■ The task ■
Copy exactly, please, the line that has "(simp add: closed_fun_def)" in it along with every line after it to the end of the listing.

■ Dataset content ■
text \<open>With the constant parameters \<alpha> = 1 and \<beta> = 2 (entrywise) both updates are proximal
  steps. Their minimisers exist because the subgradients at a KKT point give affine minorants of
  F and G, and their optimality conditions are subgradient inclusions. Monotonicity of the
  subdifferentials, applied at consecutive iterates and at a KKT point (X*, X*, V*), gives the
  Fejer inequality \<Phi>(k+1) + \<delta>(k) \<le> \<Phi>(k), where \<Phi>(k) is the weighted squared distance
  |X - X*|^2/2 + |Y - X*|^2/2 + 2|V - V*|^2 of the k-th iterate and \<delta>(k) the same quantity for
  the step from the k-th to the (k+1)-st iterate. Hence the iterates are bounded and their steps
  vanish; closedness of the subdifferential graphs makes every cluster point a KKT point, and
  Fejer monotonicity with respect to that cluster point forces the whole sequence to converge.\<close>

lemma closed_fun_tendsto_le:
  fixes f :: "'a::topological_space \<Rightarrow> ereal"
  assumes "closed_fun f" and "xs \<longlonglongrightarrow> x" and "ts \<longlonglongrightarrow> t"
    and "eventually (\<lambda>k. f (xs k) \<le> ereal (ts k)) sequentially"
  shows "f x \<le> ereal t"
proof -
  have "(x, t) \<in> epigraph_e f"
  proof (rule Lim_in_closed_set)
    show "closed (epigraph_e f)" using assms(1) by (simp add: closed_fun_def)
    show "((\<lambda>k. (xs k, ts k)) \<longlongrightarrow> (x, t)) sequentially"
      using assms(2,3) by (rule tendsto_Pair)
  qed (use assms(4) in \<open>auto simp: epigraph_e_def\<close>)
  then show ?thesis by (simp add: epigraph_e_def)
qed

lemma closed_funI:
  fixes f :: "'a::first_countable_topology \<Rightarrow> ereal"
  assumes "\<And>xs x ts t. xs \<longlonglongrightarrow> x \<Longrightarrow> ts \<longlonglongrightarrow> t \<Longrightarrow> (\<And>k. f (xs k) \<le> ereal (ts k)) \<Longrightarrow> f x \<le> ereal t"
  shows "closed_fun f"
  unfolding closed_fun_def closed_sequential_limits
proof (intro allI impI, elim conjE)
  fix s :: "nat \<Rightarrow> 'a \<times> real" and l
  assume "\<forall>k. s k \<in> epigraph_e f" and s: "s \<longlonglongrightarrow> l"
  then have "f (fst l) \<le> ereal (snd l)"
    using assms[OF tendsto_fst[OF s] tendsto_snd[OF s]]
    by (simp add: epigraph_e_def case_prod_beta)
  then show "l \<in> epigraph_e f"
    by (simp add: epigraph_e_def case_prod_beta)
qed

■ Solved problem ■
    show "closed (epigraph_e f)" using assms(1) by (simp add: closed_fun_def)
    show "((\<lambda>k. (xs k, ts k)) \<longlongrightarrow> (x, t)) sequentially"
      using assms(2,3) by (rule tendsto_Pair)
  qed (use assms(4) in \<open>auto simp: epigraph_e_def\<close>)
  then show ?thesis by (simp add: epigraph_e_def)
qed

lemma closed_funI:
  fixes f :: "'a::first_countable_topology \<Rightarrow> ereal"
  assumes "\<And>xs x ts t. xs \<longlonglongrightarrow> x \<Longrightarrow> ts \<longlonglongrightarrow> t \<Longrightarrow> (\<And>k. f (xs k) \<le> ereal (ts k)) \<Longrightarrow> f x \<le> ereal t"
  shows "closed_fun f"
  unfolding closed_fun_def closed_sequential_limits
proof (intro allI impI, elim conjE)
  fix s :: "nat \<Rightarrow> 'a \<times> real" and l
  assume "\<forall>k. s k \<in> epigraph_e f" and s: "s \<longlonglongrightarrow> l"
  then have "f (fst l) \<le> ereal (snd l)"
    using assms[OF tendsto_fst[OF s] tendsto_snd[OF s]]
    by (simp add: epigraph_e_def case_prod_beta)
  then show "l \<in> epigraph_e f"
    by (simp add: epigraph_e_def case_prod_beta)
qed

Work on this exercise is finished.